Skip to main content

A toolkit for analyzing group appeals in text using fine-tuned language models optimized for direct plain text processing

Project description

GroupAppeals

Python 3.8+ License: MIT

A Python package for analyzing social group appeals in political text using fine-tuned multilingual language models.

Overview

GroupAppeals provides a comprehensive toolkit for identifying and analyzing how political parties reference and appeal to social groups in their communications.
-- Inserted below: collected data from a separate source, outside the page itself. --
(* Let $m\ge 1$ and let $(a_1,b_1),\dots,(a_m,b_m)$ be pairs of non-negative integers with $(a_k,b_k)\neq(1,0)$ for every $k$. For $n\ge 1$ let $\mathcal{A}_n$ be the rational hyperplane arrangement in $\mathbb{R}^n$ consisting of the hyperplanes $x_i=x_j$ for $1\le i<j\le n$ together with the hyperplanes $x_i=a_kx_j+b_k$ for all $1\le i\neq j\le n$ and $1\le k\le m$. For a prime $q$, let $G_q$ be the simple graph with vertex set $\mathbb{Z}/q\mathbb{Z}=\{0,1,\dots,q-1\}$ in which two distinct vertices $u,v$ are adjacent if and only if $u\equiv a_kv+b_k \pmod q$ or $v\equiv a_ku+b_k\pmod q$ for some $1\le k\le m$. Then for every sufficiently large prime $q$, the number of $n$-element independent sets of $G_q$ equals $\chi_{\mathcal{A}_n}(q)/n!$.
   Context: For a finite arrangement $\mathcal{A}$ of affine hyperplanes in $\mathbb{R}^n$, the characteristic polynomial is $\chi_{\mathcal{A}}(t)=\sum_{x\in L(\mathcal{A})}\mu(\hat 0,x)\,t^{\dim x}$, where $L(\mathcal{A})$ is the poset of all nonempty intersections of subsets of hyperplanes of $\mathcal{A}$ (including $\hat 0=\mathbb{R}^n$) ordered by reverse inclusion and $\mu$ is its Möbius function; equivalently $\chi_{\mathcal{A}}(t)=\sum_{\mathcal{B}}(-1)^{\#\mathcal{B}}t^{n-\operatorname{rank}(\mathcal{B})}$, the sum over subsets $\mathcal{B}\subseteq\mathcal{A}$ whose hyperplanes have nonempty common intersection, where $\operatorname{rank}(\mathcal{B})$ is the dimension of the span of the normal vectors of the hyperplanes in $\mathcal{B}$. An independent set of a graph is a set of vertices no two of which are adjacent. *)

theory Defs
  imports "HOL-Analysis.Analysis" "HOL-Number_Theory.Cong" "HOL-Computational_Algebra.Primes"
begin

definition is_normal :: "(real^'n) set \<Rightarrow> real^'n \<Rightarrow> bool" where
  "is_normal H w \<longleftrightarrow> w \<noteq> 0 \<and> (\<exists>c. H = {x. w \<bullet> x = c})"

definition arr_rank :: "(real^'n) set set \<Rightarrow> nat" where
  "arr_rank B = dim {w. \<exists>H\<in>B. is_normal H w}"

definition char_poly :: "(real^'n) set set \<Rightarrow> real \<Rightarrow> real" where
  "char_poly A t = (\<Sum>B\<in>{B. B \<subseteq> A \<and> \<Inter>B \<noteq> {}}.
      (-1) ^ card B * t ^ (CARD('n) - arr_rank B))"

definition arr :: "(nat \<times> nat) list \<Rightarrow> (real^'n) set set" where
  "arr ps = {{x. x $ i = x $ j} | i j. i \<noteq> j}
          \<union> {{x. x $ i = real a * x $ j + real b} | i j a b. i \<noteq> j \<and> (a, b) \<in> set ps}"

definition adj :: "(nat \<times> nat) list \<Rightarrow> nat \<Rightarrow> nat \<Rightarrow> nat \<Rightarrow> bool" where
  "adj ps q u v \<longleftrightarrow> u \<noteq> v \<and>
     (\<exists>(a, b)\<in>set ps. [u = a * v + b] (mod q) \<or> [v = a * u + b] (mod q))"

definition indep_sets :: "(nat \<times> nat) list \<Rightarrow> nat \<Rightarrow> nat \<Rightarrow> nat set set" where
  "indep_sets ps q n = {S. S \<subseteq> {0..<q} \<and> card S = n \<and>
      (\<forall>u\<in>S. \<forall>v\<in>S. \<not> adj ps q u v)}"

end

theory Submission
  imports Defs "HOL-Combinatorics.Permutations"
begin

text \<open>
  The finite field method. For a prime \<open>q\<close>, a tuple \<open>y \<in> {0..q-1}^n\<close> satisfies none of the
  defining equations of \<open>A_n\<close> modulo \<open>q\<close> iff its entries are distinct and pairwise non-adjacent
  in \<open>G_q\<close>, i.e. iff it enumerates an \<open>n\<close>-element independent set; so there are \<open>n!\<close> such
  tuples per independent set. By inclusion-exclusion their number is the sum over subsets \<open>B\<close>
  of \<open>A_n\<close> of \<open>(-1)^#B\<close> times the number of solutions modulo \<open>q\<close> of the integer linear system
  of \<open>B\<close>. Gaussian elimination over the integers commutes with reduction modulo any prime that
  divides no pivot, so for all large \<open>q\<close> that number is \<open>q^(n - rank B)\<close> if \<open>\<Inter>B \<noteq> {}\<close> and
  \<open>0\<close> otherwise: the terms of \<open>\<chi>(q)\<close>.
\<close>

lemma hyperplane_eq_imp_proportional:
  fixes u v :: "'a::real_inner"
  assumes "u \<noteq> 0" and H: "{x. u \<bullet> x = c} = {x. v \<bullet> x = d}"
  obtains l where "v = l *\<^sub>R u" and "d = l * c"
proof -
  define l where "l = (v \<bullet> u) / (u \<bullet> u)"
  define x0 where "x0 = (c / (u \<bullet> u)) *\<^sub>R u"
  define z where "z = v - l *\<^sub>R u"
  have uu: "u \<bullet> u \<noteq> 0"
    using assms(1) by simp
  have x0: "u \<bullet> x0 = c"
    using uu by (simp add: x0_def)
  have uz: "u \<bullet> z = 0"
    using uu by (simp add: z_def l_def inner_diff_right inner_commute)
  have "x0 \<in> {x. u \<bullet> x = c}" and "x0 + z \<in> {x. u \<bullet> x = c}"
    using x0 uz by (simp_all add: inner_add_right)
  then have "v \<bullet> x0 = d" and "v \<bullet> (x0 + z) = d"
    unfolding H by simp_all
  then have "v \<bullet> z = 0"
    by (simp add: inner_add_right)
  then have "z \<bullet> z = 0"
    using uz by (simp add: z_def inner_diff_left inner_commute)
  then have v: "v = l *\<^sub>R u"
    by (simp add: z_def)
  then have "d = l * c"
    using \<open>v \<bullet> x0 = d\<close> x0 by simp
  with v show thesis
    by (rule that)
qed
text \<open>The lower orthant of \<open>v\<close> is covered by that of \<open>u\<close> together with the slabs
  \<open>u $ i < x $ i \<le> v $ i\<close>, each of which has mass at most \<open>\<bar>v $ i - u $ i\<bar>\<close> by uniformity
  of the margins.\<close>
lemma copula_diff_le_sum_abs_diff:
  assumes "is_copula C" "\<forall>i. u $ i \<in> {0..1}" "\<forall>i. v $ i \<in> {0..1}"
  shows "C v - C u \<le> (\<Sum>i\<in>UNIV. \<bar>v $ i - u $ i\<bar>)"
proof -
  obtain M where M: "prob_space M" "sets M = sets borel"
    "\<And>j s. s \<in> {0..1} \<Longrightarrow> measure M {x. x $ j \<le> s} = s"
    "C u = measure M {x. \<forall>i. x $ i \<le> u $ i}" "C v = measure M {x. \<forall>i. x $ i \<le> v $ i}"
    using assms by (elim is_copulaE) simp
  interpret prob_space M by fact
  define slab where "slab i = {x. x $ i \<le> v $ i} - {x. x $ i \<le> u $ i}" for i
  have slab_sets: "slab i \<in> sets M" for i
    unfolding slab_def M(2) by measurable
  have slab_measure: "measure M (slab i) \<le> \<bar>v $ i - u $ i\<bar>" for i
  proof (cases "v $ i \<le> u $ i")
    case True
    then have "slab i = {}" unfolding slab_def by auto
    then show ?thesis by simp
  next
    case False
    then have "measure M (slab i) = measure M {x. x $ i \<le> v $ i} - measure M {x. x $ i \<le> u $ i}"
      unfolding slab_def by (intro finite_measure_Diff) (auto simp: M(2))
    also have "\<dots> = v $ i - u $ i" using M(3) assms(2,3) by simp
    finally show ?thesis by simp
  qed
  have "C v \<le> measure M ({x. \<forall>i. x $ i \<le> u $ i} \<union> (\<Union>i. slab i))"
    unfolding M(5) using slab_sets by (intro finite_measure_mono) (auto simp: slab_def M(2))
  also have "\<dots> \<le> C u + measure M (\<Union>i. slab i)"
    unfolding M(4) using slab_sets by (intro measure_subadditive) (auto simp: M(2))
  also have "measure M (\<Union>i. slab i) \<le> (\<Sum>i\<in>UNIV. measure M (slab i))"
    using slab_sets by (intro finite_measure_subadditive_finite) auto
  also have "\<dots> \<le> (\<Sum>i\<in>UNIV. \<bar>v $ i - u $ i\<bar>)"
    by (intro sum_mono slab_measure)
  finally show ?thesis by simp
qed

lemma tail_copula_tendsto:
  assumes "has_tail_copula C" "x \<in> pos_orthant"
  shows "((\<lambda>t. C (t *\<^sub>R x) / t) \<longlongrightarrow> tail_copula C x) (at_right 0)"
proof -
  obtain L where L: "((\<lambda>t. C (t *\<^sub>R x) / t) \<longlongrightarrow> L) (at_right 0)"
    using assms unfolding has_tail_copula_def by blast
  then have "tail_copula C x = L"
    unfolding tail_copula_def by (intro tendsto_Lim) simp_all
  with L show ?thesis by simp
qed

lemma eventually_scaleR_in_unit_cube:
  fixes x :: "real ^ 'd"
  assumes "x \<in> pos_orthant"
  shows "eventually (\<lambda>t. 0 < t \<and> (\<forall>i. (t *\<^sub>R x) $ i \<in> {0..1})) (at_right 0)"
proof -
  define m where "m = Max (range (\<lambda>i. x $ i))"
  have x_le_m: "x $ i \<le> m" for i
    unfolding m_def by (intro Max_ge) auto
  have x_pos: "0 < x $ i" for i
    using assms by (simp add: pos_orthant_def)
  then have m_pos: "0 < m"
    using x_le_m less_le_trans by blast
  have "0 < t \<and> (\<forall>i. (t *\<^sub>R x) $ i \<in> {0..1})" if "0 < t" "t < 1 / m" for t
  proof -
    have "t * x $ i \<le> 1" for i
    proof -
      have "t * x $ i \<le> t * m" using that x_le_m by (intro mult_left_mono) auto
      also have "\<dots> \<le> 1" using that m_pos by (simp add: field_simps)
      finally show ?thesis .
    qed
    with that x_pos show ?thesis by (simp add: less_imp_le)
  qed
  then show ?thesis
    unfolding eventually_at_right_field using m_pos by (intro exI[of _ "1 / m"]) auto
qed

lemma tail_copula_nonneg:
  assumes "is_copula C" "has_tail_copula C" "x \<in> pos_orthant"
  shows "0 \<le> tail_copula C x"
proof (rule tendsto_lowerbound[OF tail_copula_tendsto[OF assms(2,3)]])
  show "eventually (\<lambda>t. 0 \<le> C (t *\<^sub>R x) / t) (at_right 0)"
    using eventually_scaleR_in_unit_cube[OF assms(3)]
    by eventually_elim (simp add: copula_nonneg[OF assms(1)])
qed simp

lemma tail_copula_le_component:
  assumes "is_copula C" "has_tail_copula C" "x \<in> pos_orthant"
  shows "tail_copula C x \<le> x $ j"
proof (rule tendsto_upperbound[OF tail_copula_tendsto[OF assms(2,3)]])
  show "eventually (\<lambda>t. C (t *\<^sub>R x) / t \<le> x $ j) (at_right 0)"
    using eventually_scaleR_in_unit_cube[OF assms(3)]
  proof eventually_elim
    case (elim t)
    then have "C (t *\<^sub>R x) \<le> t * x $ j"
      using copula_le_component[OF assms(1), of "t *\<^sub>R x" j] by simp
    with elim show ?case by (simp add: field_simps)
  qed
qed simp

lemma tail_copula_mono:
  assumes "is_copula C" "has_tail_copula C" "x \<in> pos_orthant" "y \<in> pos_orthant"
    and "\<forall>i. x $ i \<le> y $ i"
  shows "tail_copula C x \<le> tail_copula C y"
proof (rule tendsto_le[OF _ tail_copula_tendsto[OF assms(2,4)] tail_copula_tendsto[OF assms(2,3)]])
  show "eventually (\<lambda>t. C (t *\<^sub>R x) / t \<le> C (t *\<^sub>R y) / t) (at_right 0)"
    using eventually_conj[OF eventually_scaleR_in_unit_cube[OF assms(3)]
        eventually_scaleR_in_unit_cube[OF assms(4)]]
  proof eventually_elim
    case (elim t)
    then have "C (t *\<^sub>R x) \<le> C (t *\<^sub>R y)"
      using assms(5) by (intro copula_mono[OF assms(1)]) (auto intro: mult_left_mono)
    with elim show ?case by (simp add: divide_right_mono)
  qed
qed simp

lemma tail_copula_diff_le_sum_abs_diff:
  assumes "is_copula C" "has_tail_copula C" "x \<in> pos_orthant" "y \<in> pos_orthant"
  shows "tail_copula C y - tail_copula C x \<le> (\<Sum>i\<in>UNIV. \<bar>y $ i - x $ i\<bar>)"
proof (rule tendsto_upperbound[OF tendsto_diff[OF tail_copula_tendsto[OF assms(2,4)]
      tail_copula_tendsto[OF assms(2,3)]]])
  show "eventually (\<lambda>t. C (t *\<^sub>R y) / t - C (t *\<^sub>R x) / t \<le> (\<Sum>i\<in>UNIV. \<bar>y $ i - x $ i\<bar>))
      (at_right 0)"
    using eventually_conj[OF eventually_scaleR_in_unit_cube[OF assms(3)]
        eventually_scaleR_in_unit_cube[OF assms(4)]]
  proof eventually_elim
    case (elim t)
    then have "C (t *\<^sub>R y) - C (t *\<^sub>R x) \<le> (\<Sum>i\<in>UNIV. \<bar>(t *\<^sub>R y) $ i - (t *\<^sub>R x) $ i\<bar>)"
      by (intro copula_diff_le_sum_abs_diff[OF assms(1)]) auto
    also have "\<dots> = t * (\<Sum>i\<in>UNIV. \<bar>y $ i - x $ i\<bar>)"
      using elim by (simp add: sum_distrib_left abs_mult flip: right_diff_distrib)
    finally show ?case using elim by (simp add: field_simps)
  qed
qed simp

lemma tail_copula_lipschitz:
  assumes "is_copula C" "has_tail_copula C"
  shows "(real CARD('d))-lipschitz_on pos_orthant (tail_copula C :: real ^ 'd \<Rightarrow> real)"
proof (rule lipschitz_onI)
  fix x y :: "real ^ 'd"
  assume xy: "x \<in> pos_orthant" "y \<in> pos_orthant"
  have "tail_copula C y - tail_copula C x \<le> real CARD('d) * dist x y"
    using order_trans[OF tail_copula_diff_le_sum_abs_diff[OF assms xy]
        sum_abs_diff_le_card_dist_cart[of y x]]
    by (simp add: dist_commute)
  moreover have "tail_copula C x - tail_copula C y \<le> real CARD('d) * dist x y"
    using order_trans[OF tail_copula_diff_le_sum_abs_diff[OF assms xy(2,1)]
        sum_abs_diff_le_card_dist_cart[of x y]] .
  ultimately show "dist (tail_copula C x) (tail_copula C y) \<le> real CARD('d) * dist x y"
    by (simp add: dist_real_def abs_le_iff)
qed simp

lemma tail_copula_scaleR:
  assumes "has_tail_copula C" "x \<in> pos_orthant" "0 < c"
  shows "tail_copula C (c *\<^sub>R x) = c * tail_copula C x"
proof -
  have "filterlim (\<lambda>t. t * c) (at_right 0) (at_right (0::real))"
    unfolding filterlim_at
  proof
    show "eventually (\<lambda>t. t * c \<in> {0<..} \<and> t * c \<noteq> 0) (at_right (0::real))"
      using eventually_at_right_less[of 0] by eventually_elim (use assms(3) in auto)
    have "((\<lambda>t. t * c) \<longlongrightarrow> 0 * c) (at_right (0::real))"
      by (intro tendsto_intros)
    then show "((\<lambda>t. t * c) \<longlongrightarrow> 0) (at_right (0::real))"
      by simp
  qed
  then have "((\<lambda>t. c * (C ((t * c) *\<^sub>R x) / (t * c))) \<longlongrightarrow> c * tail_copula C x) (at_right 0)"
    by (intro tendsto_mult_left filterlim_compose[OF tail_copula_tendsto[OF assms(1,2)]])
  moreover have "eventually (\<lambda>t. c * (C ((t * c) *\<^sub>R x) / (t * c)) = C (t *\<^sub>R (c *\<^sub>R x)) / t)
      (at_right 0)"
    using eventually_at_right_less[of 0] by eventually_elim (use assms(3) in \<open>simp add: mult.commute\<close>)
  ultimately have "((\<lambda>t. C (t *\<^sub>R (c *\<^sub>R x)) / t) \<longlongrightarrow> c * tail_copula C x) (at_right 0)"
    by (rule Lim_transform_eventually)
  then show ?thesis
    unfolding tail_copula_def by (intro tendsto_Lim) simp_all
qed

lemma tail_copula_mixture:
  assumes "has_tail_copula C1" "has_tail_copula C2" "x \<in> pos_orthant"
  shows "tail_copula (\<lambda>u. t * C1 u + (1 - t) * C2 u) x
    = t * tail_copula C1 x + (1 - t) * tail_copula C2 x"
proof -
  have "((\<lambda>s. t * (C1 (s *\<^sub>R x) / s) + (1 - t) * (C2 (s *\<^sub>R x) / s))
      \<longlongrightarrow> t * tail_copula C1 x + (1 - t) * tail_copula C2 x) (at_right 0)"
    by (intro tendsto_intros tail_copula_tendsto assms)
  then show ?thesis
    unfolding tail_copula_def by (intro tendsto_Lim) (simp_all add: add_divide_distrib)
qed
The package uses state-of-the-art NLP models trained on political manifestos to:

  • Extract group references from text (tokens like "workers", "immigrants", "families with young children")
  • Detect stance toward the groups identified in the text (positive, negative, or neutral)
  • Identify whether policies are directed at the specific groups identified in the text (no thematic policy classification)
  • Classify group tokens identified in the text into meaningful group categories

Key Features

  • 🌍 Multilingual support - Works with English, German, Spanish, Dutch, Danish, French, Italian and Swedish text
  • 🔧 Modular design - Use individual components or run the complete pipeline
  • 📊 Batch processing - Efficiently analyze large datasets from CSV files
  • 🎯 High accuracy - Models achieve 81%+ accuracy across tasks
  • 📝 Detailed output - Includes confidence scores, text positions, and semantic categories
  • 🚀 Automatic hardware optimization - CUDA → MPS → CPU fallback

Research Background

The conceptual and operational basis of these models as well as the methodology used to construct them are described in:

  • Dolinsky, A. O., Huber, L. M., & Horne, W. (Accepted for Publication 2026). Who do Parties Speak To? Introducing the PSoGA: A New Comprehensive Database of Parties' Social Group Appeals. British Journal of Political Science.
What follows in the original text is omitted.